== ABOUT THIS EXERCISE ==
The answer is every line in the data below that contains the word "close".

== LISTED ENTRIES ==

+++

lemma inversion_odd_quotient_extension:
  assumes N: "N holomorphic_on -{0}" and N_inverse: "\<And>z. N (inverse z) = - N z" and "k \<noteq> 0"
  obtains G where "G holomorphic_on -{0}" "\<And>z. z \<noteq> 0 \<Longrightarrow> G (inverse z) = G z"
    "\<And>z. z \<notin> {0, 1, -1} \<Longrightarrow> G z = N z / (k * (z - inverse z))"
proof -
  have "N 1 = 0" "N (-1) = 0"
    using N_inverse[of 1] N_inverse[of "-1"] by simp_all
  with N obtain P where P: "P holomorphic_on -{0}"
    "\<And>z. z \<notin> {1, -1} \<Longrightarrow> P z = N z / ((z - 1) * (z + 1))"
    using holomorphic_on_divide_out_zeros[of N "-{0}" 1 "-1"] by (auto simp: open_Compl)
  define G where "G z = z * P z / k" for z
  have G_eq: "G z = N z / (k * (z - inverse z))" if "z \<notin> {0, 1, -1}" for z
  proof -
    have "z * z - 1 = (z - 1) * (z + 1)" "z - 1 \<noteq> 0" "z + 1 \<noteq> 0"
      using that by (auto simp: algebra_simps add_eq_0_iff2 minus_equation_iff[of z])
    then show ?thesis
      using that \<open>k \<noteq> 0\<close> by (simp add: G_def P(2) field_simps)
  qed
  show ?thesis
  proof
    show "G holomorphic_on -{0}"
      unfolding G_def using \<open>k \<noteq> 0\<close>
      by (intro holomorphic_on_divide holomorphic_on_mult holomorphic_on_const P(1)) auto
    show "G (inverse z) = G z" if "z \<noteq> 0" for z
    proof (cases "z \<in> {1, -1}")
      case False
      then have "inverse z \<notin> {0, 1, -1}"
        using that by (auto simp: field_simps minus_equation_iff)
      then have "G (inverse z) = - N z / (k * (inverse z - z))"
        by (simp add: G_eq N_inverse)
      also have "\<dots> = N z / (k * (z - inverse z))"
        by (metis minus_diff_eq minus_divide_divide mult_minus_right)
      also have "\<dots> = G z"
        using False that by (simp add: G_eq)
      finally show ?thesis .
    qed auto
  qed (rule G_eq)
qed

lemma AW_holomorphic:
  assumes q: "q \<noteq> 0" "q \<noteq> 1" and f: "f holomorphic_on UNIV"
  shows "AW q f holomorphic_on UNIV"
proof -
  define s where "s = csqrt q"
  have "s * s = q"
    using power2_csqrt[of q] by (simp add: s_def power2_eq_square)
  have k0: "(s - inverse s) / 2 \<noteq> 0"
  proof
    assume "(s - inverse s) / 2 = 0"
    then have "s * s = s * inverse s"
      by simp
    with \<open>s * s = q\<close> q show False
      by (metis right_inverse mult_zero_left)
  qed
  define N where "N z = f (joukowski (s * z)) - f (joukowski (inverse s * z))" for z
  have "N holomorphic_on -{0}"
    unfolding N_def by (intro holomorphic_on_diff holomorphic_on_compose_joukowski_scaled[OF f])
  moreover have "N (inverse z) = - N z" for z
    unfolding N_def joukowski_mult_inverse inverse_inverse_eq by simp
  ultimately obtain G where G: "G holomorphic_on -{0}" "\<And>z. z \<noteq> 0 \<Longrightarrow> G (inverse z) = G z"
    "\<And>z. z \<notin> {0, 1, -1} \<Longrightarrow> G z = N z / ((s - inverse s) / 2 * (z - inverse z))"
    using inversion_odd_quotient_extension k0 by blast
  have "AW_quot q f x = G (zpar x)" if "x \<notin> {1, -1}" for x
  proof -
    have "zpar x \<notin> {0, 1, -1}"
      using that zpar_nonzero zpar_eq_pm1_iff[of 1 x] zpar_eq_pm1_iff[of "-1" x] by auto
    have D: "joukowski (s * z) - joukowski (inverse s * z) = (s - inverse s) / 2 * (z - inverse z)"
      for z
      unfolding joukowski_def inverse_mult_distrib
      by (simp add: diff_divide_distrib[symmetric] algebra_simps)
    have "AW_quot q f x = N (zpar x) / ((s - inverse s) / 2 * (zpar x - inverse (zpar x)))"
      by (simp only: AW_quot_eq_joukowski s_def[symmetric] N_def D)
    with \<open>zpar x \<notin> {0, 1, -1}\<close> show ?thesis
      by (simp add: G(3))
  qed
  moreover have hol: "(\<lambda>x. G (zpar x)) holomorphic_on UNIV"
    using G(1,2) by (rule holomorphic_on_compose_zpar)
  ultimately have "AW q f = (\<lambda>x. G (zpar x))"
    by (intro AW_eq_continuous_extension holomorphic_on_imp_continuous_on)
  with hol show ?thesis
    by simp
qed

+++

== RESULT OF THE EXERCISE ==
      using that \<open>k \<noteq> 0\<close> by (simp add: G_def P(2) field_simps)
      unfolding G_def using \<open>k \<noteq> 0\<close>
    with \<open>s * s = q\<close> q show False
    with \<open>zpar x \<notin> {0, 1, -1}\<close> show ?thesis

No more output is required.